(* Let $G$ be a connected graph of order $n\geq 2$ and let $g:V(G_1)\to V(G_2)$ be any function, where $G_1,G_2$ are disjoint copies of $G$. Then $$1\leq Dist(F_{G})\leq Dist(G)+1.$$ Moreover, both bounds are sharp: there exist a connected graph $G$ of order at least $2$ and a function $g$ with $Dist(F_G)=1$, and there exist a connected graph $G$ of order at least $2$ and a function $g$ with $Dist(F_G)=Dist(G)+1$.
   Context: All graphs are finite, simple and undirected. A labeling $f:V(H)\to\{1,\dots,t\}$ of a graph $H$ is $t$-distinguishing if the only automorphism of $H$ preserving all vertex labels is the identity. The distinguishing number $Dist(H)$ is the least $t$ such that $H$ has a $t$-distinguishing labeling. Functigraph: let $G_1,G_2$ be disjoint copies of a connected graph $G$ and $g:V(G_1)\to V(G_2)$ a function. The functigraph $F_G$ (which depends on $g$) has vertex set $V(G_1)\cup V(G_2)$ and edge set $E(G_1)\cup E(G_2)\cup\{uv: u\in V(G_1),\ g(u)=v\}$. *)

theory Defs
  imports Main
begin

definition simple_graph :: "'v set \<Rightarrow> ('v \<Rightarrow> 'v \<Rightarrow> bool) \<Rightarrow> bool" where
  "simple_graph V E \<longleftrightarrow> finite V \<and>
     (\<forall>x y. E x y \<longrightarrow> x \<in> V \<and> y \<in> V) \<and>
     (\<forall>x y. E x y \<longrightarrow> E y x) \<and> (\<forall>x. \<not> E x x)"

definition connected_graph :: "'v set \<Rightarrow> ('v \<Rightarrow> 'v \<Rightarrow> bool) \<Rightarrow> bool" where
  "connected_graph V E \<longleftrightarrow> V \<noteq> {} \<and>
     (\<forall>x\<in>V. \<forall>y\<in>V. (x, y) \<in> {(a, b). E a b}\<^sup>*)"

definition graph_aut :: "'v set \<Rightarrow> ('v \<Rightarrow> 'v \<Rightarrow> bool) \<Rightarrow> ('v \<Rightarrow> 'v) \<Rightarrow> bool" where
  "graph_aut V E \<sigma> \<longleftrightarrow> bij_betw \<sigma> V V \<and>
     (\<forall>x\<in>V. \<forall>y\<in>V. E x y \<longleftrightarrow> E (\<sigma> x) (\<sigma> y))"

definition distinguishing :: "'v set \<Rightarrow> ('v \<Rightarrow> 'v \<Rightarrow> bool) \<Rightarrow> nat \<Rightarrow> ('v \<Rightarrow> nat) \<Rightarrow> bool" where
  "distinguishing V E t f \<longleftrightarrow> (\<forall>x\<in>V. f x \<in> {1..t}) \<and>
     (\<forall>\<sigma>. graph_aut V E \<sigma> \<and> (\<forall>x\<in>V. f (\<sigma> x) = f x) \<longrightarrow> (\<forall>x\<in>V. \<sigma> x = x))"

definition Dist :: "'v set \<Rightarrow> ('v \<Rightarrow> 'v \<Rightarrow> bool) \<Rightarrow> nat" where
  "Dist V E = (LEAST t. \<exists>f. distinguishing V E t f)"

(* Functigraph: G_1 = Inl-copy, G_2 = Inr-copy, plus edges u -- g(u) *)
definition functi_V :: "'a set \<Rightarrow> ('a + 'a) set" where
  "functi_V V = Inl ` V \<union> Inr ` V"

fun functi_E :: "'a set \<Rightarrow> ('a \<Rightarrow> 'a \<Rightarrow> bool) \<Rightarrow> ('a \<Rightarrow> 'a) \<Rightarrow> 'a + 'a \<Rightarrow> 'a + 'a \<Rightarrow> bool" where
  "functi_E V E g (Inl x) (Inl y) = E x y"
| "functi_E V E g (Inr x) (Inr y) = E x y"
| "functi_E V E g (Inl u) (Inr v) = (u \<in> V \<and> g u = v)"
| "functi_E V E g (Inr v) (Inl u) = (u \<in> V \<and> g u = v)"

end

theory Submission
  imports Defs
begin

text \<open>Lift a distinguishing labeling f of G with labels in {1..t} to the functigraph:
both copies are labeled by f, except that the vertices of the image of g in the second copy
get the new label t+1. A label-preserving automorphism must then map the first copy into itself:
otherwise, by connectivity, the whole first copy would land in the second copy outside the image of
g, which has fewer than |V| vertices. So it restricts to label-preserving automorphisms of
both copies, which are trivial.\<close>

lemma distinguishing_mono:
  assumes "distinguishing V E t f" "t \<le> t'"
  shows "distinguishing V E t' f"
  using assms by (auto simp: distinguishing_def)

lemma distinguishing_card:
  assumes "finite V"
  shows "\<exists>f. distinguishing V E (card V) f"
proof -
  obtain h where h: "bij_betw h V {0..<card V}"
    using ex_bij_betw_finite_nat[OF assms] by blast
  have "distinguishing V E (card V) (\<lambda>x. h x + 1)"
    unfolding distinguishing_def
  proof (intro conjI allI impI ballI)
    fix x assume "x \<in> V"
    then show "h x + 1 \<in> {1..card V}" using bij_betwE[OF h] by fastforce
  next
    fix \<sigma> x assume \<sigma>: "graph_aut V E \<sigma> \<and> (\<forall>x\<in>V. h (\<sigma> x) + 1 = h x + 1)" and "x \<in> V"
    then have "\<sigma> x \<in> V" by (auto simp: graph_aut_def bij_betw_def)
    with \<sigma> \<open>x \<in> V\<close> h show "\<sigma> x = x" by (auto simp: bij_betw_def inj_on_def)
  qed
  then show ?thesis by blast
qed

lemma Dist_distinguishing:
  assumes "finite V"
  obtains f where "distinguishing V E (Dist V E) f"
proof -
  have "\<exists>f. distinguishing V E (Dist V E) f"
    unfolding Dist_def by (rule LeastI_ex) (use distinguishing_card[OF assms] in blast)
  then show ?thesis using that by blast
qed

lemma Dist_le: "distinguishing V E t f \<Longrightarrow> Dist V E \<le> t"
  unfolding Dist_def by (rule Least_le) blast

lemma Dist_le_card: "finite V \<Longrightarrow> Dist V E \<le> card V"
  using distinguishing_card Dist_le by blast

lemma Dist_gt:
  assumes "finite V" "\<And>f. \<not> distinguishing V E t f"
  shows "t < Dist V E"
proof (rule ccontr)
  assume "\<not> t < Dist V E"
  moreover obtain f where "distinguishing V E (Dist V E) f"
    using Dist_distinguishing[OF assms(1)] .
  ultimately show False using assms(2) distinguishing_mono by (metis not_less)
qed

lemma Dist_ge_1:
  assumes "finite V" "V \<noteq> {}"
  shows "1 \<le> Dist V E"
proof -
  have "\<not> distinguishing V E 0 f" for f
    using assms(2) by (auto simp: distinguishing_def)
  then show ?thesis using Dist_gt[OF assms(1)] by (metis One_nat_def Suc_leI)
qed

lemma graph_aut_restrict:
  assumes \<sigma>: "graph_aut V' E' \<sigma>" and "finite V" "inj c" "c ` V \<subseteq> V'"
    and \<tau>: "\<forall>x\<in>V. \<tau> x \<in> V \<and> \<sigma> (c x) = c (\<tau> x)" and c_edges: "\<forall>x y. E' (c x) (c y) = E x y"
  shows "graph_aut V E \<tau>"
proof -
  have inj\<sigma>: "inj_on \<sigma> V'" using \<sigma> by (auto simp: graph_aut_def bij_betw_def)
  have "inj_on \<tau> V"
  proof
    fix x y assume "x \<in> V" "y \<in> V" "\<tau> x = \<tau> y"
    then have "\<sigma> (c x) = \<sigma> (c y)" using \<tau> by auto
    then have "c x = c y" using inj\<sigma> assms(4) \<open>x \<in> V\<close> \<open>y \<in> V\<close> by (auto simp: inj_on_def)
    then show "x = y" using assms(3) by (simp add: inj_def)
  qed
  moreover have "\<tau> ` V \<subseteq> V" using \<tau> by auto
  ultimately have "bij_betw \<tau> V V" using endo_inj_surj[OF assms(2)] by (simp add: bij_betw_def)
  moreover have "E x y \<longleftrightarrow> E (\<tau> x) (\<tau> y)" if "x \<in> V" "y \<in> V" for x y
  proof -
    have "E x y = E' (c x) (c y)" using c_edges by simp
    also have "\<dots> = E' (\<sigma> (c x)) (\<sigma> (c y))" using \<sigma> assms(4) that by (auto simp: graph_aut_def)
    also have "\<dots> = E (\<tau> x) (\<tau> y)" using \<tau> c_edges that by simp
    finally show ?thesis .
  qed
  ultimately show ?thesis by (auto simp: graph_aut_def)
qed

lemma graph_aut_involution:
  assumes "\<forall>x\<in>V. \<sigma> x \<in> V" "\<forall>x\<in>V. \<sigma> (\<sigma> x) = x"
    and "\<forall>x\<in>V. \<forall>y\<in>V. E x y \<longleftrightarrow> E (\<sigma> x) (\<sigma> y)"
  shows "graph_aut V E \<sigma>"
proof -
  have "bij_betw \<sigma> V V" by (rule bij_betw_byWitness[where f'=\<sigma>]) (use assms in auto)
  then show ?thesis using assms(3) unfolding graph_aut_def by blast
qed

definition degree :: "'v set \<Rightarrow> ('v \<Rightarrow> 'v \<Rightarrow> bool) \<Rightarrow> 'v \<Rightarrow> nat" where
  "degree V E x = card {y\<in>V. E x y}"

### REQUIREMENT
Respond with only the number of lines in the records that include the word "second".

### WRITTEN REPLY
2